Stored data entries:
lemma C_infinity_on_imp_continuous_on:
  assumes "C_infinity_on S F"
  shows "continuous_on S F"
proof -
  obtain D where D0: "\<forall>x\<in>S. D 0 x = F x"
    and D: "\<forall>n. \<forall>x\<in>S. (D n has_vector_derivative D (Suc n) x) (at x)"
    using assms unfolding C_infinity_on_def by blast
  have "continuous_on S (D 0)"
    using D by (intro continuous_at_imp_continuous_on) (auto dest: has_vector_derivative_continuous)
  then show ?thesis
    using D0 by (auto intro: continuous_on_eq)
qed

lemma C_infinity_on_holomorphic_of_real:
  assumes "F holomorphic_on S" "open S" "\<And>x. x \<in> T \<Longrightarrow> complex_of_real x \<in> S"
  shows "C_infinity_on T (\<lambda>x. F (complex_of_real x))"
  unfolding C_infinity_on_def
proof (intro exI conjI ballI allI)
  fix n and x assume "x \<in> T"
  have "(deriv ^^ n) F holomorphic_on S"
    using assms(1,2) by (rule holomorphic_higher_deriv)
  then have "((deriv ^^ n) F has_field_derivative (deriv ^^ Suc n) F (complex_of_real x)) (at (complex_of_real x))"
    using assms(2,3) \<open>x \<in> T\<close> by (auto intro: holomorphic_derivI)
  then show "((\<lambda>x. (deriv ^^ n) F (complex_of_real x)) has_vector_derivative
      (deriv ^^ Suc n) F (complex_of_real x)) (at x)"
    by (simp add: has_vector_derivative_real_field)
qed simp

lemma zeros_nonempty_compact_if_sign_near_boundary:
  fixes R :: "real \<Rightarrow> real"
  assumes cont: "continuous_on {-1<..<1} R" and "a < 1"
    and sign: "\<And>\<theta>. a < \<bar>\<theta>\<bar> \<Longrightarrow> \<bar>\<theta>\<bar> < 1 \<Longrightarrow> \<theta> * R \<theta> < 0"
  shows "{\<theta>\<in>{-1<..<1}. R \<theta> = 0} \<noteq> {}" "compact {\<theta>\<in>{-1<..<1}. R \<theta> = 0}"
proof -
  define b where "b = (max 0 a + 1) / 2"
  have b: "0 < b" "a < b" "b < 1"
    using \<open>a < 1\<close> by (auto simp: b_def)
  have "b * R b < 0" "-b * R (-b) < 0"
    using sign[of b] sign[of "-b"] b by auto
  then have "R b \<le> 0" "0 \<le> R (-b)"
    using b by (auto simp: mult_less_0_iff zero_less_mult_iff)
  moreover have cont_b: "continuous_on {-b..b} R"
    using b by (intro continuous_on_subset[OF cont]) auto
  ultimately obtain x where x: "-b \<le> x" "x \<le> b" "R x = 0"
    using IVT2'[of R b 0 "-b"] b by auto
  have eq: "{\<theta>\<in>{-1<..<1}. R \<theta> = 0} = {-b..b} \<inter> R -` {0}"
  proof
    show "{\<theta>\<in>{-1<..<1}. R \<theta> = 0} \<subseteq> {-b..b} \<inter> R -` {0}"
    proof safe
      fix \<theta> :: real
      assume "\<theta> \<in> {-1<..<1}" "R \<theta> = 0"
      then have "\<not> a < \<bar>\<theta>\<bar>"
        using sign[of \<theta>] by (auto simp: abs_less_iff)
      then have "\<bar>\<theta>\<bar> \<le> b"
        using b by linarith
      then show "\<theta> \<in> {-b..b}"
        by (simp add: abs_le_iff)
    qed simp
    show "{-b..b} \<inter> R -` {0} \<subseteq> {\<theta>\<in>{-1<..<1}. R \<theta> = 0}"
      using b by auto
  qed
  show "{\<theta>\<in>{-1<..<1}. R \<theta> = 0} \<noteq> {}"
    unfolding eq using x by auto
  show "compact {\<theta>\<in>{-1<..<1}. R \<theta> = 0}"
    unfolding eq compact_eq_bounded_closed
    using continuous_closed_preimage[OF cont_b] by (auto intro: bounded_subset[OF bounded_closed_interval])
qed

DIRECTIONS: Starting at the line that has "using D by (intro" in the records above, restate word for word every line until the one that has "fix n and x", and include that one as well.

SOLUTION TO THIS TASK:
    using D by (intro continuous_at_imp_continuous_on) (auto dest: has_vector_derivative_continuous)
  then show ?thesis
    using D0 by (auto intro: continuous_on_eq)
qed

lemma C_infinity_on_holomorphic_of_real:
  assumes "F holomorphic_on S" "open S" "\<And>x. x \<in> T \<Longrightarrow> complex_of_real x \<in> S"
  shows "C_infinity_on T (\<lambda>x. F (complex_of_real x))"
  unfolding C_infinity_on_def
proof (intro exI conjI ballI allI)
  fix n and x assume "x \<in> T"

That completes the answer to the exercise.